Pada tahun 1974, Bapak Chín Ninh terluka dan dipindahkan ke belakang garis depan, di mana ia bertemu dengan perawat Châu Hồng Điệp. Ibu Điệp, lahir pada tahun 1948 di provinsi Bà Rịa, telah bergabung dengan revolusi pada usia 16 tahun. Karena memiliki cita-cita yang sama dan berjuang di garis depan yang sama, mereka jatuh cinta dan akhirnya menikah. Selama periode itu, tentara kita sangat kuat, dan berita kemenangan mengalir dari mana-mana, meningkatkan moral para prajurit. Pada tanggal 30 April 1975, bangsa ini bersukacita.

Pak Chín Ninh menceritakan: "Kegembiraan itu tak terlukiskan. Saya memeluk senapan saya dan menembakkan ketiga magasin untuk merayakan; larasnya sangat panas, jadi saya mencelupkannya ke dalam air dan menembak lagi." Kegembiraannya berlipat ganda ketika Ibu Điệp melahirkan putra pertama mereka pada hari yang sama dengan pembebasan.
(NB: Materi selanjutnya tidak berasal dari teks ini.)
theorem theorem2:
  fixes p :: real and n k :: nat and C0 :: "nat list set"
    and msgs :: "'m set" and enc :: "'m \<Rightarrow> nat list set"
  assumes "0 \<le> p" and "p < 1"
    and "1 \<le> k" and "k \<le> n"
    and "binary_linear_code n C0"
    and "code_dim C0 (n - k)"
    and "min_dist n C0 = k + 1"
    and "finite msgs" and "card msgs = 2 ^ k"
    and "bij_betw enc msgs (cosets n C0)"
  shows "tv_leak p n C0 msgs enc =
    (\<Sum>e=0..k-1. (1 - 1 / 2 ^ (k - e)) * real (n choose e) * p ^ e * (1 - p) ^ (n - e))"
proof -
  interpret mds_coset_scheme n C0 msgs enc k
    using assms by unfold_locales (simp_all add: code_dim_def)
  define g where "g e = (if e < k then (1 - 1 / 2 ^ (k - e)) * p ^ e * (1 - p) ^ (n - e) / 2 ^ (n - e)
    else 0)" for e :: nat
  have "tv_leak p n C0 msgs enc = (\<Sum>z\<in>out_words n. g (count_list z 2))"
    unfolding tv_leak_eq_erasure_sum[OF assms(1) less_imp_le[OF assms(2)] assms(9,4)] g_def ..
  also have "\<dots> = (\<Sum>e\<le>n. real (n choose e) * 2^(n-e) * g e)"
    by (rule sum_out_words_count_list)
  also have "\<dots> = (\<Sum>e\<le>n. if e < k then (1 - 1 / 2 ^ (k - e)) * real (n choose e) * p ^ e * (1 - p) ^ (n - e)
      else 0)"
    by (rule sum.cong[OF refl]) (simp add: g_def field_simps)
  also have "\<dots> = (\<Sum>e\<in>{..n} \<inter> {e. e < k}. (1 - 1 / 2 ^ (k - e)) * real (n choose e) * p ^ e * (1 - p) ^ (n - e))"
    by (simp add: sum.inter_restrict)
  also have "{..n} \<inter> {e. e < k} = {0..k-1}" using assms(3,4) by auto
  finally show ?thesis .
qed

end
Pada akhir tahun 1976, mereka kembali ke kampung halaman mereka. Bapak Chín Ninh menjadi Wakil Ketua dan kemudian Ketua Komite Rakyat komune Lạc Tấn; Ibu Điệp menjadi Ketua Serikat Wanita komune tersebut. Bapak Chín Ninh mengatakan bahwa pada saat itu komune tersebut sangat miskin, baru saja mencapai perdamaian, sehingga semua orang menderita. Orang-orang tidak tahu cara lain untuk mencari nafkah selain bercocok tanam padi. ​​Tetapi bahkan panen padi pun gagal; sawah seluas 4.000 m² milik pasangan itu hanya menghasilkan beberapa puluh gantang setiap musim panen.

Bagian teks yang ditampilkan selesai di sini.